In 1909, Terzian witnessed the Adana Massacre. As the event ensued, he wrote accounts of much of what he witnessed. Terzian was a prominent member of the self-defense movement in the Armenian quarter of the city. During the disorder, his pharmacy was set on fire and demolished. Having lost his newborn son during the massacres and having barely survived himself, he fled to Constantinople where he opened a pharmacy called "Adana" in the Kumkapı district. While in Constantinople, Terzian published a book entitled The Life of Adana (1911) and a five volume publication of his memoirs called The Cilician Catastrophe (1912). The original publication of The Cilician Catastrophe was confiscated by Ottoman authorities but the work was ultimately saved.
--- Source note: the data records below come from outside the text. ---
(* Let $r\geq 1$ be an integer, let $a,\mu$ be real parameters, and let $\mathbf{n}=(n_1,\dots,n_r)\in\mathbb{N}_0^r$. For $\boldsymbol{\xi}=(\xi_1,\dots,\xi_r)\in\mathbb{R}^r$, the Fourier transform of $f_r(\mathbf{x};\mathbf{n},a,\mu)$ satisfies \begin{multline*} \mathcal{F}\big(f_r(x_1,\dots,x_r;n_1,\dots,n_r,a,\mu)\big)(\xi_1,\dots,\xi_r) =\frac{2^{|\mathbf{n}^2|+2a+\frac{r-3}{2}}\left(2\left(|\mathbf{n}^2|+\mu+\frac{r-1}{2}\right)\right)_{n_1}}{n_1!}\\ \times B\left(a+\frac{|\mathbf{n}^2|+i\xi_1}{2}+\frac{r-1}{4},\ a+\frac{|\mathbf{n}^2|-i\xi_1}{2}+\frac{r-1}{4}\right)\\ \times {}_3F_2\left(\begin{matrix}-n_1,\ n_1+2\left(|\mathbf{n}^2|+\mu+\frac{r-1}{2}\right),\ a+\frac{|\mathbf{n}^2|+i\xi_1}{2}+\frac{r-1}{4}\\ |\mathbf{n}^2|+2a+\frac{r-1}{2},\ |\mathbf{n}^2|+\mu+\frac{r}{2}\end{matrix}\;\Big|\;1\right)\\ \times \mathcal{F}\big(f_{r-1}(x_2,\dots,x_r;n_2,\dots,n_r,a,\mu)\big)(\xi_2,\dots,\xi_r), \end{multline*} and also \begin{multline*} \mathcal{F}\big(f_r(x_1,\dots,x_r;n_1,\dots,n_r,a,\mu)\big)(\xi_1,\dots,\xi_r) =\frac{2^{2a-1}(2\mu)_{n_r}}{n_r!}B\left(a+\frac{i\xi_r}{2},\ a-\frac{i\xi_r}{2}\right)\\ \times {}_3F_2\left(\begin{matrix}-n_r,\ n_r+2\mu,\ a+\frac{i\xi_r}{2}\\ 2a,\ \mu+\frac12\end{matrix}\;\Big|\;1\right)\\ \times \mathcal{F}\Big(f_{r-1}\Big(x_1,\dots,x_{r-1};n_1,\dots,n_{r-1},a+\frac{n_r}{2}+\frac14,\mu+n_r+\frac12\Big)\Big)(\xi_1,\dots,\xi_{r-1}). \end{multline*}
   Context: Pochhammer symbol: $(\alpha)_0=1$, $(\alpha)_n=\alpha(\alpha+1)\cdots(\alpha+n-1)$ for $n\ge1$. Generalized hypergeometric series: ${}_pF_q\left(\begin{matrix}a_1,\dots,a_p\\ b_1,\dots,b_q\end{matrix}\mid x\right)=\sum_{k\ge0}\frac{(a_1)_k\cdots(a_p)_k}{(b_1)_k\cdots(b_q)_k}\frac{x^k}{k!}$ (here always terminating because of a numerator $-n$). Beta function $B(p,q)=\Gamma(p)\Gamma(q)/\Gamma(p+q)$. Gegenbauer polynomials: $C_n^{(\lambda)}(x)=\frac{(2\lambda)_n}{n!}\,{}_2F_1\left(\begin{matrix}-n,\ n+2\lambda\\ \lambda+\frac12\end{matrix}\mid\frac{1-x}{2}\right)$. Notation: for $\mathbf{n}=(n_1,\dots,n_s)$, $\mathbf{n}^j=(n_j,\dots,n_s)$, $|\mathbf{n}^j|=n_j+\cdots+n_s$ for $1\le j\le s$, and $|\mathbf{n}^{s+1}|=0$. For $\boldsymbol{y}=(y_1,\dots,y_s)$, $\boldsymbol{y}_0=0$, $\boldsymbol{y}_j=(y_1,\dots,y_j)$, $\|\cdot\|$ the Euclidean norm. Ball polynomials in $s$ variables: $P^{\mu}_{\mathbf{n}}(\boldsymbol{y})=\prod_{j=1}^{s}(1-\|\boldsymbol{y}_{j-1}\|^2)^{n_j/2}C^{(\lambda_j)}_{n_j}\big(y_j/\sqrt{1-\|\boldsymbol{y}_{j-1}\|^2}\big)$ with $\lambda_j=\mu+|\mathbf{n}^{j+1}|+\frac{s-j}{2}$. For $s\ge1$, real $a,\mu$, $\mathbf{k}=(k_1,\dots,k_s)\in\mathbb{N}_0^s$ and real $y_1,\dots,y_s$, define $f_s(y_1,\dots,y_s;k_1,\dots,k_s,a,\mu)=\prod_{j=1}^{s}(1-\tanh^2 y_j)^{a+\frac{s-j}{4}}\,P^{\mu}_{\mathbf{k}}(\upsilon_1,\dots,\upsilon_s)$, where $\upsilon_1=\tanh y_1$ and $\upsilon_j=\tanh y_j\sqrt{(1-\tanh^2y_1)\cdots(1-\tanh^2 y_{j-1})}$ for $j\ge2$. Convention: $f_0\equiv 1$ with Fourier transform equal to $1$ (relevant only when $r=1$). Fourier transform in $s$ variables: $\mathcal{F}(f)(\xi_1,\dots,\xi_s)=\int_{\mathbb{R}^s}e^{-i(\xi_1y_1+\cdots+\xi_sy_s)}f(y_1,\dots,y_s)\,dy_1\cdots dy_s$. *)

theory Defs
  imports "HOL-Analysis.Analysis" "HOL-Probability.Probability"
begin

text \<open>Generalized hypergeometric series pFq (as an infinite series; in the theorem it
  always terminates because of a numerator parameter -n).\<close>
definition hypergeom :: "'a::{real_normed_field,banach} list \<Rightarrow> 'a list \<Rightarrow> 'a \<Rightarrow> 'a" where
  "hypergeom as bs x =
     (\<Sum>k. (\<Prod>a\<leftarrow>as. pochhammer a k) / (\<Prod>b\<leftarrow>bs. pochhammer b k) * x ^ k / fact k)"

definition gegenbauer :: "nat \<Rightarrow> real \<Rightarrow> real \<Rightarrow> real" where
  "gegenbauer n lam x =
     pochhammer (2 * lam) n / fact n *
     hypergeom [- real n, real n + 2 * lam] [lam + 1/2] ((1 - x) / 2)"

text \<open>Ball polynomial P^mu_k(v) in s variables; k = [k_1,...,k_s] (list of length s),
  variables v_1..v_s are v 0 .. v (s-1) (0-based).  lambda_j (0-based j) is
  mu + |k^{j+2}| + (s-1-j)/2 in 1-based paper notation.\<close>
definition ball_lambda :: "nat \<Rightarrow> real \<Rightarrow> nat list \<Rightarrow> nat \<Rightarrow> real" where
  "ball_lambda s mu k j = mu + real (\<Sum>i\<in>{Suc j..<s}. k ! i) + (real s - 1 - real j) / 2"

definition ball_poly :: "nat \<Rightarrow> real \<Rightarrow> nat list \<Rightarrow> (nat \<Rightarrow> real) \<Rightarrow> real" where
  "ball_poly s mu k v =
     (\<Prod>j<s. sqrt (1 - (\<Sum>i<j. (v i)\<^sup>2)) ^ (k ! j) *
        gegenbauer (k ! j) (ball_lambda s mu k j) (v j / sqrt (1 - (\<Sum>i<j. (v i)\<^sup>2))))"

definition upsilon :: "(nat \<Rightarrow> real) \<Rightarrow> nat \<Rightarrow> real" where
  "upsilon y j = tanh (y j) * sqrt (\<Prod>i<j. 1 - (tanh (y i))\<^sup>2)"

definition f_fun :: "nat \<Rightarrow> nat list \<Rightarrow> real \<Rightarrow> real \<Rightarrow> (nat \<Rightarrow> real) \<Rightarrow> real" where
  "f_fun s k a mu y =
     (\<Prod>j<s. (1 - (tanh (y j))\<^sup>2) powr (a + (real s - 1 - real j) / 4)) *
     ball_poly s mu k (upsilon y)"

text \<open>Fourier transform in s variables (Lebesgue integral over R^s, realised as the
  product measure of s copies of lborel). For s = 0 this is evaluation, i.e. F(f_0) = 1.\<close>
definition fourier :: "nat \<Rightarrow> ((nat \<Rightarrow> real) \<Rightarrow> real) \<Rightarrow> (nat \<Rightarrow> real) \<Rightarrow> complex" where
  "fourier s f \<xi> =
     (LINT y | PiM {..<s} (\<lambda>_. lborel). cis (- (\<Sum>j<s. \<xi> j * y j)) * complex_of_real (f y))"

end

theory Submission
  imports Defs
begin

text \<open>Because \<open>1 - (\<upsilon>\<^sub>1\<^sup>2 + ... + \<upsilon>\<^sub>j\<^sup>2) = (1 - tanh\<^sup>2 y\<^sub>1) ... (1 - tanh\<^sup>2 y\<^sub>j)\<close>, the square roots
  in the ball polynomial move onto the weights, and \<open>f\<^sub>s\<close> is a product of one-variable functions
  \<open>(1 - tanh\<^sup>2 y)\<^sup>\<beta> C\<^sub>k\<^sup>\<lambda>(tanh y)\<close>. By Fubini its Fourier transform is the product of their
  one-dimensional transforms. Writing the Gegenbauer polynomial as a terminating \<open>\<^sub>2F\<^sub>1\<close> in
  \<open>(1 - tanh t) / 2 = 1 / (1 + exp (2 t))\<close>, each monomial yields, after \<open>u = exp (2 t)\<close>, a Beta
  integral \<open>B(\<beta> - i\<xi>/2, \<beta> + j + i\<xi>/2) = B(\<beta> - i\<xi>/2, \<beta> + i\<xi>/2) (\<beta> + i\<xi>/2)\<^sub>j / (2\<beta>)\<^sub>j\<close>, and
  resumming gives the \<open>\<^sub>3F\<^sub>2\<close> at 1. Both recursions split off the first or the last factor;
  the remaining factors are those of \<open>f\<^sub>r\<^sub>-\<^sub>1\<close> with the shifted parameters.\<close>

text \<open>The integrand of Euler's integral for \<open>Gamma p\<close> after the substitution \<open>t = exp x\<close>.\<close>
definition exp_Gamma_kernel :: "complex \<Rightarrow> real \<Rightarrow> complex" where
  "exp_Gamma_kernel p x = exp (p * of_real x) * of_real (exp (- exp x))"

lemma exp_Gamma_kernel_measurable [measurable]: "exp_Gamma_kernel p \<in> borel_measurable borel"
  unfolding exp_Gamma_kernel_def by measurable

lemma
  fixes p :: complex
  assumes p: "Re p > 0"
  shows integrable_exp_Gamma_kernel: "integrable lborel (exp_Gamma_kernel p)"
    and integral_exp_Gamma_kernel: "integral\<^sup>L lborel (exp_Gamma_kernel p) = Gamma p"
proof -
  define f where "f = (\<lambda>t::real. complex_of_real t powr (p - 1) / of_real (exp t))"
  have range_exp: "range exp = {0::real<..}"
    by (auto, metis exp_ln rangeI)
  have "f absolutely_integrable_on range exp \<and> integral (range exp) f = Gamma p"
    unfolding range_exp f_def
    using absolutely_integrable_Gamma_integral'[OF p] Gamma_integral_complex'[OF p]
    by (auto dest: integral_unique)
  then have "(\<lambda>x. \<bar>exp x\<bar> *\<^sub>R f (exp x)) absolutely_integrable_on UNIV \<and>
       integral UNIV (\<lambda>x. \<bar>exp x\<bar> *\<^sub>R f (exp x)) = Gamma p"
    by (subst has_absolute_integral_change_of_variables_real[where g=exp and h=exp])
       (auto intro!: derivative_eq_intros simp: inj_def)
  moreover have "\<bar>exp x\<bar> *\<^sub>R f (exp x) = exp_Gamma_kernel p x" for x
  proof -
    have "complex_of_real (exp x) powr (p - 1) = exp ((p - 1) * of_real x)"
      by (simp add: powr_def Ln_of_real)
    then show ?thesis
      by (simp add: f_def exp_Gamma_kernel_def scaleR_conv_of_real exp_diff exp_minus field_simps
          exp_of_real)
  qed
  ultimately have abs_int: "exp_Gamma_kernel p absolutely_integrable_on UNIV"
    and int: "integral UNIV (exp_Gamma_kernel p) = Gamma p"
    by auto
  show "integrable lborel (exp_Gamma_kernel p)"
    using abs_int unfolding set_integrable_def by (simp add: integrable_completion)
  show "integral\<^sup>L lborel (exp_Gamma_kernel p) = Gamma p"
    using set_lebesgue_integral_eq_integral(2)[OF abs_int] int
    by (simp add: set_lebesgue_integral_def integral_completion)
qed

lemma lborel_integrable_translate_iff:
  fixes f :: "real \<Rightarrow> 'a :: {banach, second_countable_topology}"
  shows "integrable lborel (\<lambda>x. f (x + t)) \<longleftrightarrow> integrable lborel f"
  using lborel_integrable_real_affine_iff[of 1 f t] by (simp add: add.commute)

lemma lborel_integral_translate:
  fixes f :: "real \<Rightarrow> 'a :: {banach, second_countable_topology}"
  shows "(LINT x|lborel. f (x + t)) = integral\<^sup>L lborel f"
  using lborel_integral_real_affine[of 1 f t] by (simp add: add.commute)

lemma integrable_exp_Gamma_kernel_convolution:
  assumes "Re p > 0" and "Re q > 0"
  shows "integrable (lborel \<Otimes>\<^sub>M lborel)
    (\<lambda>(y, s). exp_Gamma_kernel p (s + y) * exp_Gamma_kernel q y)"
proof (rule lborel_pair.Fubini_integrable)
  have "(\<lambda>y. LINT s|lborel. norm (exp_Gamma_kernel p (s + y) * exp_Gamma_kernel q y))
      = (\<lambda>y. norm (exp_Gamma_kernel q y) * (LINT s|lborel. norm (exp_Gamma_kernel p s)))"
    using lborel_integral_translate[of "\<lambda>s. norm (exp_Gamma_kernel p s)"]
    by (simp add: norm_mult mult.commute)
  then show "integrable lborel
      (\<lambda>y. LINT s|lborel. norm (case (y, s) of (y, s) \<Rightarrow> exp_Gamma_kernel p (s + y) * exp_Gamma_kernel q y))"
    using integrable_exp_Gamma_kernel[OF assms(2)] by (simp add: integrable_norm)
  show "AE y in lborel. integrable lborel
      (\<lambda>s. case (y, s) of (y, s) \<Rightarrow> exp_Gamma_kernel p (s + y) * exp_Gamma_kernel q y)"
    using integrable_exp_Gamma_kernel[OF assms(1)]
    by (simp add: lborel_integrable_translate_iff)
qed simp

lemma exp_Gamma_kernel_mult:
  assumes "p + q = of_real m"
  shows "exp_Gamma_kernel p (s + y) * exp_Gamma_kernel q y =
    exp (p * of_real s) * of_real ((1 + exp s) powr (- m)) *
    exp_Gamma_kernel (of_real m) (y + ln (1 + exp s))"
proof -
  define c where "c = 1 + exp s"
  have c: "c > 0" by (simp add: c_def add_pos_pos)
  have "exp (p * of_real (s + y)) * exp (q * of_real y) =
      exp (p * of_real s) * exp (of_real m * of_real y)"
    by (simp add: exp_add[symmetric] algebra_simps flip: assms)
  also have "exp (of_real m * of_real y) =
      of_real (c powr (- m)) * (exp (of_real m * of_real (y + ln c)) :: complex)"
  proof -
    have "exp (of_real m * of_real (y + ln c)) =
        exp (of_real m * of_real y) * (exp (of_real m * of_real (ln c)) :: complex)"
      by (simp only: of_real_add distrib_left exp_add)
    moreover have "exp (of_real m * of_real (ln c)) = complex_of_real (c powr m)"
      using c by (simp add: powr_def exp_of_real mult.commute flip: of_real_mult)
    ultimately show ?thesis
      using c by (simp add: powr_minus)
  qed
  finally have complex_part: "exp (p * of_real (s + y)) * exp (q * of_real y) =
      exp (p * of_real s) * of_real (c powr (- m)) * exp (of_real m * of_real (y + ln c))"
    by (simp add: mult.assoc)
  have real_part: "exp (- exp (s + y)) * exp (- exp y) = exp (- exp (y + ln c))"
  proof -
    have "exp (y + ln c) = exp y + exp (s + y)"
      using c by (simp add: exp_add c_def algebra_simps)
    then show ?thesis by (simp add: exp_add[symmetric] algebra_simps)
  qed
  have "exp_Gamma_kernel p (s + y) * exp_Gamma_kernel q y =
      exp (p * of_real (s + y)) * exp (q * of_real y) * of_real (exp (- exp (s + y)) * exp (- exp y))"
    by (simp add: exp_Gamma_kernel_def mult_ac)
  also have "\<dots> = exp (p * of_real s) * of_real ((1 + exp s) powr (- m)) *
      exp_Gamma_kernel (of_real m) (y + ln (1 + exp s))"
    unfolding complex_part real_part by (simp add: exp_Gamma_kernel_def c_def mult_ac)
  finally show ?thesis .
qed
The Cilician Catastrophe received wide acclaim and is considered an important study of the events in Adana. The Catholicos of Cilicia Sahak II praised Terzian by stating that he "has created an indelible impression upon everyone as a serious and trustworthy chronicler. It is a laborious, inquisitive, vivid picture of the Great Calamity, brought to white light from under the ruins and ashes by a native son of Cilicia, which will remain an everlasting stain upon the glorified civilization and unquenchable humanism of the twentieth century." Archbishop Yeghishe Tourian wrote in a letter to Terzian, "I have read your Giligio Aghedu [The Cilician Catastrophe] with great pain in my heart. It is not a red thread that runs through the white pages of your book, but a wide, black band that stands out defiantly against the bloody pages." Malachia Ormanian, the Armenian Patriarch of Constantinople, described the narrative as "the most complete and perfect work" on the events in Adana.

==Death==
Hagop Terzian was one of the Armenian leaders deported during the Armenian genocide. On 24 April 1915, he was arrested and sent via train to Ayaş in the interior of the Ottoman Empire. He was later transferred to Çankırı, where he was imprisoned. Along with other Armenians, he was removed from Çankırı on 19 August and sent to Ankara, to be imprisoned again. After being confined there for four days, Terzian and the others were removed from prison on 24 August, ostensibly to be deported to the village of Yozgat. He was murdered en route along with the rest of the group.